In espionage movies, we see international spies with multiple passports, each claiming a different identity. However, we know that each of those passports represents the same person. The trigonometric identities act in a similar manner to multiple passports—there are many ways to represent the same trigonometric expression. Just as a spy will choose an Italian passport when traveling to Italy, we choose the identity that applies to the given scenario when solving a trigonometric equation.
Figure \(\PageIndex{1}\): International passports and travel documents
In this section, we will begin an examination of the fundamental trigonometric identities, including how we can verify them and how we can use them to simplify trigonometric expressions.
Verifying the Fundamental Trigonometric Identities
Identities enable us to simplify complicated expressions. They are the basic tools of trigonometry used in solving trigonometric equations, just as factoring, finding common denominators, and using special formulas are the basic tools of solving algebraic equations. In fact, we use algebraic techniques constantly to simplify trigonometric expressions. Basic properties and formulas of algebra, such as the difference of squares formula and the perfect squares formula, will simplify the work involved with trigonometric expressions and equations. We already know that all of the trigonometric functions are related because they all are defined in terms of the unit circle. Consequently, any trigonometric identity can be written in many ways.
To verify the trigonometric identities, we usually start with the more complicated side of the equation and essentially rewrite the expression until it has been transformed into the same expression as the other side of the equation. Sometimes we have to factor expressions, expand expressions, find common denominators, or use other algebraic strategies to obtain the desired result. In this first section, we will work with the fundamental identities: the Pythagorean identities, the even-odd identities, the reciprocal identities, and the quotient identities.

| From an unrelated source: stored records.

lemma measure_Pi_pmf_bernoulli_count:
  assumes "finite D" "D0 \<subseteq> D" "D1 \<subseteq> D" "D0 \<inter> D1 = {}" "0 \<le> q" "q \<le> 1"
  shows "measure_pmf.prob (Pi_pmf D False (\<lambda>_. bernoulli_pmf q))
           {f. (\<forall>x\<in>D0. \<not> f x) \<and> card {x\<in>D1. f x} = r}
         = real (card D1 choose r) * q ^ r * (1 - q) ^ (card D0 + card D1 - r)"
proof -
  let ?P = "Pi_pmf D False (\<lambda>_. bernoulli_pmf q)"
  define \<A> where "\<A> = {A. A \<subseteq> D1 \<and> card A = r}"
  define pattern where "pattern A = {f. \<forall>x\<in>D0 \<union> D1. f x = (x \<in> A)}" for A
  have fin: "finite D0" "finite D1"
    using assms(1-3) by (auto intro: finite_subset)
  have "{f. (\<forall>x\<in>D0. \<not> f x) \<and> card {x\<in>D1. f x} = r} = (\<Union>A\<in>\<A>. pattern A)"
  proof (intro equalityI subsetI)
    fix f assume "f \<in> {f. (\<forall>x\<in>D0. \<not> f x) \<and> card {x\<in>D1. f x} = r}"
    then have "{x\<in>D1. f x} \<in> \<A>" "f \<in> pattern {x\<in>D1. f x}"
      using assms(4) by (auto simp: \<A>_def pattern_def)
    then show "f \<in> (\<Union>A\<in>\<A>. pattern A)"
      by blast
  next
    fix f assume "f \<in> (\<Union>A\<in>\<A>. pattern A)"
    then obtain A where "A \<subseteq> D1" "card A = r" "\<forall>x\<in>D0 \<union> D1. f x = (x \<in> A)"
      by (auto simp: \<A>_def pattern_def)
    moreover from this have "{x\<in>D1. f x} = A"
      by auto
    ultimately show "f \<in> {f. (\<forall>x\<in>D0. \<not> f x) \<and> card {x\<in>D1. f x} = r}"
      using assms(4) by auto
  qed
  moreover have "disjoint_family_on pattern \<A>"
    unfolding disjoint_family_on_def
  proof (intro ballI impI)
    fix A A' assume "A \<in> \<A>" "A' \<in> \<A>" "A \<noteq> A'"
    moreover obtain x where "(x \<in> A) \<noteq> (x \<in> A')"
      using \<open>A \<noteq> A'\<close> by blast
    ultimately show "pattern A \<inter> pattern A' = {}"
      by (auto simp: \<A>_def pattern_def)
  qed
  ultimately have "measure_pmf.prob ?P {f. (\<forall>x\<in>D0. \<not> f x) \<and> card {x\<in>D1. f x} = r}
      = (\<Sum>A\<in>\<A>. measure_pmf.prob ?P (pattern A))"
    using fin by (simp add: measure_pmf.finite_measure_finite_Union \<A>_def)
  also have "\<dots> = (\<Sum>A\<in>\<A>. q ^ r * (1 - q) ^ (card D0 + card D1 - r))"
  proof (rule sum.cong)
    fix A assume "A \<in> \<A>"
    then have A: "A \<subseteq> D0 \<union> D1" "card A = r"
      by (auto simp: \<A>_def)
    then have "card (D0 \<union> D1 - A) = card (D0 \<union> D1) - r"
      using fin card_Diff_subset[of A "D0 \<union> D1"] finite_subset[OF A(1)] by simp
    also have "card (D0 \<union> D1) = card D0 + card D1"
      using fin assms(4) by (simp add: card_Un_disjoint)
    finally have "card (D0 \<union> D1 - A) = card D0 + card D1 - r" .
    then show "measure_pmf.prob ?P (pattern A) = q ^ r * (1 - q) ^ (card D0 + card D1 - r)"
      using \<open>A \<in> \<A>\<close> assms unfolding pattern_def \<A>_def by (subst measure_Pi_pmf_bernoulli_pattern) auto
  qed simp
  also have "\<dots> = real (card D1 choose r) * q ^ r * (1 - q) ^ (card D0 + card D1 - r)"
    using n_subsets[OF fin(2), of r] by (simp add: \<A>_def)
  finally show ?thesis .
qed

lemma measure_Pi_pmf_bernoulli_hits_ge:
  assumes "finite D" "D0 \<subseteq> D" "D1 \<subseteq> D" "D0 \<inter> D1 = {}" "0 \<le> q" "q \<le> 1"
  shows "real (card D1 choose r) * q ^ r * (1 - q) ^ (card D0 + card D1)
         \<le> measure_pmf.prob (Pi_pmf D False (\<lambda>_. bernoulli_pmf q))
              {f. (\<forall>x\<in>D0. \<not> f x) \<and> r \<le> card {x\<in>D1. f x}}"
proof -
  have "(1 - q) ^ (card D0 + card D1) \<le> (1 - q) ^ (card D0 + card D1 - r)"
    using assms(5,6) by (intro power_decreasing) auto
  then have "real (card D1 choose r) * q ^ r * (1 - q) ^ (card D0 + card D1)
      \<le> measure_pmf.prob (Pi_pmf D False (\<lambda>_. bernoulli_pmf q)) {f. (\<forall>x\<in>D0. \<not> f x) \<and> card {x\<in>D1. f x} = r}"
    using assms by (simp add: measure_Pi_pmf_bernoulli_count mult_left_mono)
  also have "\<dots> \<le> measure_pmf.prob (Pi_pmf D False (\<lambda>_. bernoulli_pmf q))
      {f. (\<forall>x\<in>D0. \<not> f x) \<and> r \<le> card {x\<in>D1. f x}}"
    by (intro measure_pmf.finite_measure_mono) auto
  finally show ?thesis .
qed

We will begin with the Pythagorean identities (Table \(\PageIndex{1}\)), which are equations involving trigonometric functions based on the properties of a right triangle. We have already seen and used the first of these identifies, but now we will also use additional identities.
\({\sin}^2 \theta+{\cos}^2 \theta=1\) | \(1+{\cot}^2 \theta={\csc}^2 \theta\) | \(1+{\tan}^2 \theta={\sec}^2 \theta\) |
The second and third identities can be obtained by manipulating the first. The identity \(1+{\cot}^2 \theta={\csc}^2 \theta\) is found by rewriting the left side of the equation in terms of sine and cosine.

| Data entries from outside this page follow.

text \<open>
  Recolouring a single vertex v changes the number of monochromatic ordered pairs by twice the
  change in the number of neighbours of v sharing its colour, so a colouring minimising that
  number is locally optimal at every vertex.
\<close>

lemma ex_colouring_own_colour_minority:
  assumes sym: "\<And>u w. E u w \<Longrightarrow> E w u" and irr: "\<And>u. \<not> E u u" and "finite U"
  shows "\<exists>g :: 'a \<Rightarrow> bool. \<forall>v\<in>U.
    card {w \<in> U. E v w \<and> g w = g v} \<le> card {w \<in> U. E v w \<and> g w \<noteq> g v}"
proof -
  obtain g :: "'a \<Rightarrow> bool" where min:
    "\<And>h :: 'a \<Rightarrow> bool. card (monochromatic_pairs U E g) \<le> card (monochromatic_pairs U E h)"
    using ex_has_least_nat[where P = "\<lambda>_. True" and k = "\<lambda>_. True"
        and m = "\<lambda>g :: 'a \<Rightarrow> bool. card (monochromatic_pairs U E g)"]
    by blast
  have "card {w \<in> U. E v w \<and> g w = g v} \<le> card {w \<in> U. E v w \<and> g w \<noteq> g v}"
    if "v \<in> U" for v
  proof -
    let ?h = "g(v := \<not> g v)"
    have "{p \<in> monochromatic_pairs U E ?h. fst p \<noteq> v \<and> snd p \<noteq> v} =
          {p \<in> monochromatic_pairs U E g. fst p \<noteq> v \<and> snd p \<noteq> v}"
      unfolding monochromatic_pairs_def by auto
    moreover have "{w \<in> U. E v w \<and> ?h w = ?h v} = {w \<in> U. E v w \<and> g w \<noteq> g v}"
      using irr by auto
    ultimately show ?thesis
      using min[of ?h] card_monochromatic_pairs[where E = E, OF sym irr \<open>finite U\<close> \<open>v \<in> U\<close>, of g]
        card_monochromatic_pairs[where E = E, OF sym irr \<open>finite U\<close> \<open>v \<in> U\<close>, of ?h]
      by simp
  qed
  then show ?thesis by blast
qed

lemma ex_large_subset_few_inner_nbrs:
  assumes sym: "\<And>u w. E u w \<Longrightarrow> E w u" and irr: "\<And>u. \<not> E u u" and "finite U"
  shows "\<exists>P\<subseteq>U. card U \<le> 2 * card P \<and>
    (\<forall>v\<in>P. 2 * card {w \<in> P. E v w} \<le> card {w \<in> U. E v w})"
proof -
  obtain g :: "'a \<Rightarrow> bool" where g: "\<And>v. v \<in> U \<Longrightarrow>
      card {w \<in> U. E v w \<and> g w = g v} \<le> card {w \<in> U. E v w \<and> g w \<noteq> g v}"
    using ex_colouring_own_colour_minority[where E = E, OF sym irr \<open>finite U\<close>] by blast
  define side where "side b = {u \<in> U. g u = b}" for b
  have "card U = card (side True) + card (side False)"
    using card_Int_Diff[OF \<open>finite U\<close>, of "{u. g u}"] unfolding side_def
    by (simp add: Int_def set_diff_eq conj_commute)
  then obtain b where large: "card U \<le> 2 * card (side b)"
    by (metis add_le_mono mult_2 nat_le_linear)
  have "2 * card {w \<in> side b. E v w} \<le> card {w \<in> U. E v w}" if "v \<in> side b" for v
  proof -
    have "{w \<in> side b. E v w} = {w \<in> U. E v w \<and> g w = g v}"
      and "{w \<in> U. E v w} - side b = {w \<in> U. E v w \<and> g w \<noteq> g v}"
      using that unfolding side_def by auto
    then show ?thesis
      using g[of v] that card_Int_Diff[of "{w \<in> U. E v w}" "side b"] \<open>finite U\<close>
      unfolding side_def by (simp add: Int_def conj_commute)
  qed
  moreover have "side b \<subseteq> U"
    unfolding side_def by blast
  ultimately show ?thesis
    using large by blast
qed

Prove: \(1+{\cot}^2 \theta={\csc}^2 \theta\).
\[\begin{align*} 1+{\cot}^2 \theta&= \left(1+\dfrac{{\cos}^2\theta}{{\sin}^2\theta}\right)\qquad \text{Rewrite the left side}\\ &= \left(\dfrac{\sin^2\theta}{\sin^2\theta}\right)+\left (\dfrac{{\cos}^2\theta}{{\sin}^2\theta}\right)\qquad \text{Write both terms with a common denominator}\\[2pt] &= \dfrac{{\sin}^2\theta+{\cos}^2\theta}{{\sin}^2\theta}\\ &= \dfrac{1}{{\sin}^2\theta}\\ &= {\csc}^2\theta \end{align*}\]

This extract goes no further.